Start of Block

(* Let $(E,\tau)$ be a locally solid vector lattice, where $\tau$ is a Fatou topology. Suppose that the carrier $C_\tau$ has a countable order basis. Then $C_\tau=E$.
   Context: All vector lattices are real and Archimedean; linear topologies are Hausdorff. A locally solid topology on a vector lattice is a linear topology such that zero has a neighbourhood basis of solid sets. A subset is order closed if it contains the order limits of nets in it (a net $x_\alpha$ order converges to $x$ if there is a net $y_\beta\downarrow0$ such that for each $\beta_0$ eventually $|x_\alpha-x|\leq y_{\beta_0}$). A Fatou topology is a locally solid topology in which zero has a neighbourhood basis of order closed solid sets. A sequence $(V_n)$ of neighbourhoods of zero is normal if $V_{n+1}+V_{n+1}\subseteq V_n$; the carrier $C_\tau$ is the union of the disjoint complements $N^{\mathrm d}$ (in $E$) where $N=\bigcap_n V_n$ ranges over intersections of normal sequences of solid $\tau$-neighbourhoods of zero. A non-empty subset $A$ of a vector lattice $G$ is an order basis of $G$ if $A^{\mathrm d}=\{0\}$ in $G$. *)

theory Defs
  imports "HOL-Analysis.Analysis"
begin

definition vl_abs :: "'a::{ordered_real_vector,lattice} \<Rightarrow> 'a" where
  "vl_abs x = sup x (- x)"

definition archimedean_vl :: "'a::{ordered_real_vector,lattice} itself \<Rightarrow> bool" where
  "archimedean_vl _ \<longleftrightarrow>
     (\<forall>x y :: 'a. 0 \<le> x \<and> (\<forall>n::nat. real n *\<^sub>R x \<le> y) \<longrightarrow> x = 0)"

definition solid :: "'a::{ordered_real_vector,lattice} set \<Rightarrow> bool" where
  "solid S \<longleftrightarrow> (\<forall>x y. y \<in> S \<and> vl_abs x \<le> vl_abs y \<longrightarrow> x \<in> S)"

definition linear_topology :: "'a::{ordered_real_vector,lattice} topology \<Rightarrow> bool" where
  "linear_topology \<tau> \<longleftrightarrow>
     topspace \<tau> = UNIV \<and> Hausdorff_space \<tau> \<and>
     continuous_map (prod_topology \<tau> \<tau>) \<tau> (\<lambda>(x, y). x + y) \<and>
     continuous_map (prod_topology euclideanreal \<tau>) \<tau> (\<lambda>(c, x). c *\<^sub>R x)"

definition nhd0 :: "'a::{ordered_real_vector,lattice} topology \<Rightarrow> 'a set \<Rightarrow> bool" where
  "nhd0 \<tau> U \<longleftrightarrow> (\<exists>V. openin \<tau> V \<and> 0 \<in> V \<and> V \<subseteq> U)"

definition locally_solid :: "'a::{ordered_real_vector,lattice} topology \<Rightarrow> bool" where
  "locally_solid \<tau> \<longleftrightarrow> linear_topology \<tau> \<and>
     (\<forall>U. nhd0 \<tau> U \<longrightarrow> (\<exists>S. nhd0 \<tau> S \<and> solid S \<and> S \<subseteq> U))"

text \<open>Nets are represented by (proper) filters, as usual in Isabelle:
  a net \<open>x\<^sub>\<alpha>\<close> corresponds to its eventuality filter.  A net \<open>y\<^sub>\<beta> \<down> 0\<close> is represented by
  its range \<open>D\<close>, a nonempty downward directed set with infimum 0.\<close>
definition dec_to_zero :: "'a::{ordered_real_vector,lattice} set \<Rightarrow> bool" where
  "dec_to_zero D \<longleftrightarrow> D \<noteq> {} \<and>
     (\<forall>a\<in>D. \<forall>b\<in>D. \<exists>c\<in>D. c \<le> a \<and> c \<le> b) \<and>
     (\<forall>d\<in>D. 0 \<le> d) \<and> (\<forall>z. (\<forall>d\<in>D. z \<le> d) \<longrightarrow> z \<le> 0)"

definition order_converges :: "'a filter \<Rightarrow> 'a::{ordered_real_vector,lattice} \<Rightarrow> bool" where
  "order_converges F x \<longleftrightarrow>
     (\<exists>D. dec_to_zero D \<and> (\<forall>d\<in>D. eventually (\<lambda>z. vl_abs (z - x) \<le> d) F))"

definition order_closed :: "'a::{ordered_real_vector,lattice} set \<Rightarrow> bool" where
  "order_closed A \<longleftrightarrow>
     (\<forall>F x. F \<noteq> bot \<and> eventually (\<lambda>z. z \<in> A) F \<and> order_converges F x \<longrightarrow> x \<in> A)"

definition fatou_topology :: "'a::{ordered_real_vector,lattice} topology \<Rightarrow> bool" where
  "fatou_topology \<tau> \<longleftrightarrow> locally_solid \<tau> \<and>
     (\<forall>U. nhd0 \<tau> U \<longrightarrow> (\<exists>S. nhd0 \<tau> S \<and> solid S \<and> order_closed S \<and> S \<subseteq> U))"

definition disj_compl :: "'a::{ordered_real_vector,lattice} set \<Rightarrow> 'a set" where
  "disj_compl N = {x. \<forall>y\<in>N. inf (vl_abs x) (vl_abs y) = 0}"

definition normal_solid_seq :: "'a::{ordered_real_vector,lattice} topology \<Rightarrow> (nat \<Rightarrow> 'a set) \<Rightarrow> bool" where
  "normal_solid_seq \<tau> V \<longleftrightarrow>
     (\<forall>n. nhd0 \<tau> (V n) \<and> solid (V n) \<and>
          {a + b | a b. a \<in> V (Suc n) \<and> b \<in> V (Suc n)} \<subseteq> V n)"

definition carrier_top :: "'a::{ordered_real_vector,lattice} topology \<Rightarrow> 'a set" where
  "carrier_top \<tau> = \<Union>{disj_compl (\<Inter>n. V n) | V. normal_solid_seq \<tau> V}"

definition order_basis :: "'a::{ordered_real_vector,lattice} set \<Rightarrow> 'a set \<Rightarrow> bool" where
  "order_basis G A \<longleftrightarrow> A \<noteq> {} \<and> A \<subseteq> G \<and> G \<inter> disj_compl A = {0}"

end

(*
  Enumerate the countable order basis A of the carrier as a_0, a_1, ...; each a_n is disjoint
  from the intersection of some normal sequence V_n.  A normal sequence U with
  U_k contained in the k-th terms of V_0, ..., V_k (a diagonal refinement) has intersection N
  disjoint from all of A.

  On the other hand the carrier is order dense: for y <> 0 the Hausdorff property gives a
  normal sequence of order closed solid sets whose intersection N' misses y.  N' is an order
  closed ideal, hence a band in the Archimedean lattice, so |y| is not in the second disjoint
  complement of N', which yields 0 < w <= |y| disjoint from N' and so w in the carrier.

  If N contained some y <> 0, such a w would lie in the solid set N, hence in the carrier and
  disjoint from A, i.e. w = 0.  So N = {0}, and its disjoint complement E lies in the carrier.
*)

theory Submission
  imports Defs
begin

lemma vl_abs_nonneg_eq: "0 \<le> x \<Longrightarrow> vl_abs (x::'a::{ordered_real_vector,lattice}) = x"
  unfolding vl_abs_def by (metis neg_le_0_iff_le order_trans sup_absorb1)

lemma vl_abs_nonneg: "0 \<le> vl_abs (x::'a::{ordered_real_vector,lattice})"
proof -
  let ?s = "vl_abs x"
  have "x + -x \<le> ?s + ?s"
    unfolding vl_abs_def by (rule add_mono) simp_all
  then have "0 \<le> (1/2::real) *\<^sub>R (?s + ?s)"
    by (intro scaleR_nonneg_nonneg[rotated]) simp_all
  also have "(1/2::real) *\<^sub>R (?s + ?s) = ?s"
    by (simp flip: scaleR_2)
  finally show ?thesis .
qed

End of Block

■ **PROBLEM REQUIREMENTS**:
What is the number of lines in these records that contain "sequence"? Reply with the number only.

■ **ANSWER FOR THIS EXERCISE**:
3